Ooh... Maybe you can get into the paint by numbers game and make some money selling kits. 




Joe Black said:


> I like finger painting and face painting... Getting my hands dirty.
> View attachment 878764


That’s where it starts...


----------



## Lunacik

Squirt said:


> Also, it might be fun to discuss transitions from being derivative to developing a more unique artistic style, or thoughts on that process in general!


I've never had this problem but I have shielded my originality since the beginning. It's why I didn't go to art school. I actually held a customer survey a few times and I always got tons of comments on my work being so unique.

Reduce your need for references - practice the art of drawing based on shapes.

Personally, I like to combine things that inspire me or turn them into something else. Example: sci-fi theme + bohemian theme = something that is never really done at all. Observe similar patterns in the styles in order to come up with something convincing.

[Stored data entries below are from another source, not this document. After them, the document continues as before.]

(* Consider a main effect plan on $n$ runs with factors $F_1,\dots,F_m$ ($m\ge 3$) in which every level of every factor occurs, and fix $i\in\{1,\dots,m\}$. Let $\bar i=\{1,\dots,m+1\}\setminus\{i\}$. (a) $SS_{i;\bar i}=SS_{i;\{m+1\}}$ as functions of $Y\in\mathbb R^n$ if and only if for every $j\in\{1,\dots,m\}\setminus\{i\}$ the incidence matrix $N_{ij}$ satisfies the proportional frequency condition $N_{ij}=r_ir_j'/n$. (b) Suppose $i\le m-1$. Then $SS_{i;\bar i}=SS_{i;\{m,m+1\}}$ as functions of $Y$ if and only if $N_{ij}=N_{im}R_m^{-1}N_{jm}'$ for every $j\in\{1,\dots,m-1\}\setminus\{i\}$.
   Context: Model: $Y=\mathbf 1_n\mu+\sum_{i=1}^m X_i\alpha^i+\epsilon$, where $F_i$ has $a_i$ levels and $X_i$ is the $n\times a_i$ 0-1 design matrix ($(u,t)$ entry $1$ iff $F_i$ is at level $t$ in run $u$); put $X_{m+1}=\mathbf 1_n$. $N_{ij}=X_i'X_j$ is the incidence matrix of $F_i,F_j$ (entry $(s,t)$ = number of runs with $F_i$ at level $s$ and $F_j$ at level $t$), $r_i=X_i'\mathbf 1_n$ is the replication vector of $F_i$, and $R_i=\mathrm{diag}(r_i)$. $P_A=A(A'A)^-A'$ is the orthogonal projector onto the column space of $A$; for $S\subseteq\{1,\dots,m+1\}$, $P_S$ is the projector onto the column space of $[X_j]_{j\in S}$. For $i\notin T$: $C_{i;T}=X_i'(I-P_T)X_i$, $Q_{i;T}=X_i'(I-P_T)Y$, $SS_{i;T}=Q_{i;T}'(C_{i;T})^-Q_{i;T}$. *)

theory Defs
  imports Main "Jordan_Normal_Form.Matrix"
begin

(* A generalized inverse M^- of M: any G with M G M = M (one exists, e.g. Moore-Penrose);
   all quantities below are invariant under the choice. *)
definition ginv :: "real mat \<Rightarrow> real mat" where
  "ginv M = (SOME G. G \<in> carrier_mat (dim_col M) (dim_row M) \<and> M * G * M = M)"

definition proj :: "real mat \<Rightarrow> real mat" where
  "proj A = A * ginv (transpose_mat A * A) * transpose_mat A"

(* Design matrices. n runs, m factors, factor j has a j levels (0..a j - 1),
   lev j u = level of factor j in run u.  X_j (1 <= j <= m) is the n x a_j 0-1 matrix,
   X_{m+1} is the all-ones column 1_n. *)
definition Xmat :: "nat \<Rightarrow> nat \<Rightarrow> (nat \<Rightarrow> nat) \<Rightarrow> (nat \<Rightarrow> nat \<Rightarrow> nat) \<Rightarrow> nat \<Rightarrow> real mat" where
  "Xmat n m a lev j = (if j = Suc m then mat n 1 (\<lambda>_. 1)
     else mat n (a j) (\<lambda>(u,t). if lev j u = t then 1 else 0))"

definition Xblock :: "nat \<Rightarrow> nat \<Rightarrow> (nat \<Rightarrow> nat) \<Rightarrow> (nat \<Rightarrow> nat \<Rightarrow> nat) \<Rightarrow> nat set \<Rightarrow> real mat" where
  "Xblock n m a lev S = mat_of_cols n (concat (map (\<lambda>j. cols (Xmat n m a lev j)) (sorted_list_of_set S)))"

definition PS :: "nat \<Rightarrow> nat \<Rightarrow> (nat \<Rightarrow> nat) \<Rightarrow> (nat \<Rightarrow> nat \<Rightarrow> nat) \<Rightarrow> nat set \<Rightarrow> real mat" where
  "PS n m a lev S = proj (Xblock n m a lev S)"

definition Cmat :: "nat \<Rightarrow> nat \<Rightarrow> (nat \<Rightarrow> nat) \<Rightarrow> (nat \<Rightarrow> nat \<Rightarrow> nat) \<Rightarrow> nat \<Rightarrow> nat set \<Rightarrow> real mat" where
  "Cmat n m a lev i T = transpose_mat (Xmat n m a lev i) * (1\<^sub>m n - PS n m a lev T) * Xmat n m a lev i"

definition Qvec :: "nat \<Rightarrow> nat \<Rightarrow> (nat \<Rightarrow> nat) \<Rightarrow> (nat \<Rightarrow> nat \<Rightarrow> nat) \<Rightarrow> nat \<Rightarrow> nat set \<Rightarrow> real vec \<Rightarrow> real vec" where
  "Qvec n m a lev i T Y = transpose_mat (Xmat n m a lev i) *\<^sub>v ((1\<^sub>m n - PS n m a lev T) *\<^sub>v Y)"

definition SS :: "nat \<Rightarrow> nat \<Rightarrow> (nat \<Rightarrow> nat) \<Rightarrow> (nat \<Rightarrow> nat \<Rightarrow> nat) \<Rightarrow> nat \<Rightarrow> nat set \<Rightarrow> real vec \<Rightarrow> real" where
  "SS n m a lev i T Y = Qvec n m a lev i T Y \<bullet> (ginv (Cmat n m a lev i T) *\<^sub>v Qvec n m a lev i T Y)"

definition Nmat :: "nat \<Rightarrow> nat \<Rightarrow> (nat \<Rightarrow> nat) \<Rightarrow> (nat \<Rightarrow> nat \<Rightarrow> nat) \<Rightarrow> nat \<Rightarrow> nat \<Rightarrow> real mat" where
  "Nmat n m a lev i j = transpose_mat (Xmat n m a lev i) * Xmat n m a lev j"

definition rvec :: "nat \<Rightarrow> nat \<Rightarrow> (nat \<Rightarrow> nat) \<Rightarrow> (nat \<Rightarrow> nat \<Rightarrow> nat) \<Rightarrow> nat \<Rightarrow> real vec" where
  "rvec n m a lev i = transpose_mat (Xmat n m a lev i) *\<^sub>v vec n (\<lambda>_. 1)"

(* R_i^{-1} = diag(r_i)^{-1}  (all r_i entries are positive when every level occurs) *)
definition Rinv :: "nat \<Rightarrow> nat \<Rightarrow> (nat \<Rightarrow> nat) \<Rightarrow> (nat \<Rightarrow> nat \<Rightarrow> nat) \<Rightarrow> nat \<Rightarrow> real mat" where
  "Rinv n m a lev i = mat (a i) (a i) (\<lambda>(s,t). if s = t then 1 / (rvec n m a lev i $ s) else 0)"

end

theory Submission
  imports Defs "Jordan_Normal_Form.Gauss_Jordan_Elimination"
begin

(* SS_{i;T}(Y) = Y' P Y for the orthogonal projector P onto the column space of (I - P_T) X_i.
   For T2 \<subseteq> T1 the projectors belonging to T1 and T2 coincide iff (I - P_T2) X_i is
   orthogonal to every X_j with j \<in> T1, which is automatic for j \<in> T2.  For T2 = {m+1} and
   T2 = {m, m+1} the projector P_T2 equals X D X' with X = 1_n resp. X = X_m and D the inverted
   replication matrix, which turns these orthogonality conditions into the stated identities
   between incidence matrices. *)

lemma mat_mult_assoc:
  "dim_col A = dim_row B \<Longrightarrow> dim_col B = dim_row C \<Longrightarrow> A * B * C = A * (B * C)"
  by (rule assoc_mult_mat[of A "dim_row A" "dim_col A" B "dim_col B" C "dim_col C"]) auto

lemma mat_mult_vec_assoc:
  "dim_col A = dim_row B \<Longrightarrow> dim_col B = dim_vec v \<Longrightarrow> (A * B) *\<^sub>v v = A *\<^sub>v (B *\<^sub>v v)"
  by (rule assoc_mult_mat_vec[of A "dim_row A" "dim_col A" B "dim_col B"]) auto

lemma mat_mult_minus_distrib_left:
  fixes A :: "'a :: ring mat"
  shows "dim_col A = dim_row B \<Longrightarrow> dim_row B = dim_row C \<Longrightarrow> dim_col B = dim_col C \<Longrightarrow>
    A * (B - C) = A * B - A * C"
  by (rule mult_minus_distrib_mat[of A "dim_row A" "dim_col A" B "dim_col B"]) auto

lemma mat_mult_minus_distrib_right:
  fixes A :: "'a :: ring mat"
  shows "dim_row A = dim_row B \<Longrightarrow> dim_col A = dim_col B \<Longrightarrow> dim_col A = dim_row C \<Longrightarrow>
    (A - B) * C = A * C - B * C"
  by (rule minus_mult_distrib_mat[of A "dim_row A" "dim_col A" B C "dim_col C"]) auto

lemma transpose_mat_mult:
  fixes A :: "'a :: comm_semiring_0 mat"
  shows "dim_col A = dim_row B \<Longrightarrow> transpose_mat (A * B) = transpose_mat B * transpose_mat A"
  by (rule transpose_mult[of A "dim_row A" "dim_col A" B "dim_col B"]) auto

lemma mat_minus_eq_0_iff:
  fixes A :: "'a :: ab_group_add mat"
  shows "dim_row A = dim_row B \<Longrightarrow> dim_col A = dim_col B \<Longrightarrow>
    A - B = 0\<^sub>m (dim_row B) (dim_col B) \<longleftrightarrow> A = B"
  by (auto simp: mat_eq_iff)

lemma transpose_mult_eq_0_iff_cols:
  fixes A Z :: "'a :: comm_semiring_0 mat"
  assumes A: "A \<in> carrier_mat n k" and Z: "Z \<in> carrier_mat n l"
  shows "transpose_mat A * Z = 0\<^sub>m k l \<longleftrightarrow> (\<forall>v \<in> set (cols A). \<forall>u < l. v \<bullet> col Z u = 0)"
  using A Z by (auto simp: mat_eq_iff cols_def)

lemma transpose_mat_diag [simp]: "transpose_mat (mat_diag k d) = mat_diag k d"
  by (auto simp: mat_diag_def)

In the second set I would not keep the lights the same way - I would make them more tech / futuristic. I would draw my ideas that come to mind by looking at these things, but I don't have time...but yeah...combining different patterns to come up with your own buildings, etc...

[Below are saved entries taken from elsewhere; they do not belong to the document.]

lemma box_bump_pos_iff: "0 < box_bump l u x \<longleftrightarrow> x \<in> box l u"
proof -
  have "0 < box_bump l u x \<longleftrightarrow> (\<forall>j. 0 < bump (l $ j) (u $ j) (x $ j))"
    unfolding box_bump_def tensor3_def
    by (metis (no_types, lifting) bump_nonneg finite prod_pos less_eq_real_def prod_zero_iff UNIV_I)
  then show ?thesis
    by (simp add: bump_pos_iff mem_box_cart)
qed

lemma smooth_box_bump: "smooth (box_bump l u)"
  unfolding box_bump_def by (intro smooth_tensor3 smooth_real_bump)

lemma box_bump_in_Cc_inf:
  assumes "cbox l u \<subseteq> \<Omega>"
  shows "box_bump l u \<in> Cc_inf \<Omega>"
proof -
  have "tsupport (box_bump l u) \<subseteq> cbox l u"
    unfolding tsupport_def
    by (intro closure_minimal) (use box_bump_nonneg box_bump_pos_iff box_subset_cbox in
      \<open>fastforce simp: order.strict_iff_order\<close>)+
  then show ?thesis
    using assms smooth_box_bump
    by (auto simp: Cc_inf_def intro: compact_tsupport_if_subset[OF compact_cbox])
qed

lemma exists_nonneg_bump:
  assumes "open \<Omega>" "x \<in> \<Omega>"
  obtains \<phi> where "\<phi> \<in> Cc_inf \<Omega>" "\<And>y. 0 \<le> \<phi> y" "0 < gradL2sq \<phi>"
    "\<And>q. 0 < q \<Longrightarrow> 0 < (\<integral>y. \<phi> y powr q \<partial>lborel)"
proof -
  obtain l u where lu: "cbox l u \<subseteq> \<Omega>" "x \<in> box l u"
    using open_contains_cbox[OF assms] by metis
  let ?\<phi> = "box_bump l u"
  have \<phi>: "?\<phi> \<in> Cc_inf \<Omega>"
    using lu(1) by (rule box_bump_in_Cc_inf)
  then have compact: "compact (tsupport ?\<phi>)"
    by (simp add: Cc_inf_def)
  have Ck: "Ck (Suc 0) ?\<phi>"
    using smooth_box_bump unfolding smooth_def by blast
  have "x + (u $ 1 - x $ 1) *\<^sub>R axis 1 1 \<notin> box l u"
    unfolding mem_box_cart by (auto simp: axis_def intro!: exI[of _ 1])
  then have "?\<phi> x \<noteq> ?\<phi> (x + (u $ 1 - x $ 1) *\<^sub>R axis 1 1)"
    using lu(2) by (metis box_bump_pos_iff)
  with Ck compact have "0 < gradL2sq ?\<phi>"
    by (rule gradL2sq_pos)
  moreover have "0 < (\<integral>y. ?\<phi> y powr q \<partial>lborel)" if "0 < q" for q
  proof -
    have cont: "continuous_on UNIV (\<lambda>y. ?\<phi> y powr q)"
      using Ck_continuous[OF Ck] box_bump_nonneg \<open>0 < q\<close>
      by (intro continuous_on_powr') (auto intro: continuous_intros)
    have "integrable lborel (\<lambda>y. ?\<phi> y powr q)"
      using cont compact by (rule integrable_continuous_compact_support) (simp add: eq_0_outside_tsupport)
    moreover have "0 < ?\<phi> x powr q"
      using lu(2) box_bump_pos_iff[of l u x] by simp
    ultimately show ?thesis
      using cont by (intro integral_pos_if_continuous) auto
  qed
  ultimately show ?thesis
    using that \<phi> box_bump_nonneg by blast
qed

section \<open>The functional along multiples of a test function\<close>

lemma norm_lam_sq_diag:
  assumes "\<And>x. u x \<noteq> 0 \<Longrightarrow> V x = 0 \<and> W x = 0"
  shows "norm_lam_sq V W lam (u, u) = 2 * gradL2sq u"
proof -
  have "(norm (grad u x))\<^sup>2 + (norm (grad u x))\<^sup>2 + lam * V x * (u x)\<^sup>2 + lam * W x * (u x)\<^sup>2
      = 2 * (norm (grad u x))\<^sup>2" for x
    using assms[of x] by (cases "u x = 0") auto
  then show ?thesis
    unfolding norm_lam_sq_def gradL2sq_def prod.case by (simp only:) simp
qed

lemma J_fun_diag:
  assumes "\<And>x. u x \<noteq> 0 \<Longrightarrow> V x = 0 \<and> W x = 0" "\<And>x. 0 \<le> u x"
  shows "J_fun \<xi> V W \<alpha> \<beta> T b1 b2 lam (u, u) =
    gradL2sq u + \<xi> (2 * gradL2sq u / T\<^sup>2) * ((b1 + b2) * gradL2sq u) * gradL2sq u / 4
      - (\<integral>x. u x powr (\<alpha> + \<beta>) \<partial>lborel) / (\<alpha> + \<beta>)"
proof -
  have "\<bar>max (u x) 0\<bar> powr \<alpha> * \<bar>max (u x) 0\<bar> powr \<beta> = u x powr (\<alpha> + \<beta>)" for x
    using assms(2)[of x] by (simp add: powr_add)
  then show ?thesis
    by (simp add: J_fun_def norm_lam_sq_diag[OF assms(1)] power2_eq_square algebra_simps)
qed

Make an inspiring environment scene into an outfit design, shit like that as well (instead of environment to environment, outfit to outfit, etc.).



























It can't look like someone else's work if no one else has made it before.











ahh--also....make stuff up based on what is symbolic to you. Nobody else needs to understand there is even any meaning, the only thing that matters is that it's something inspired by your own mind.


----------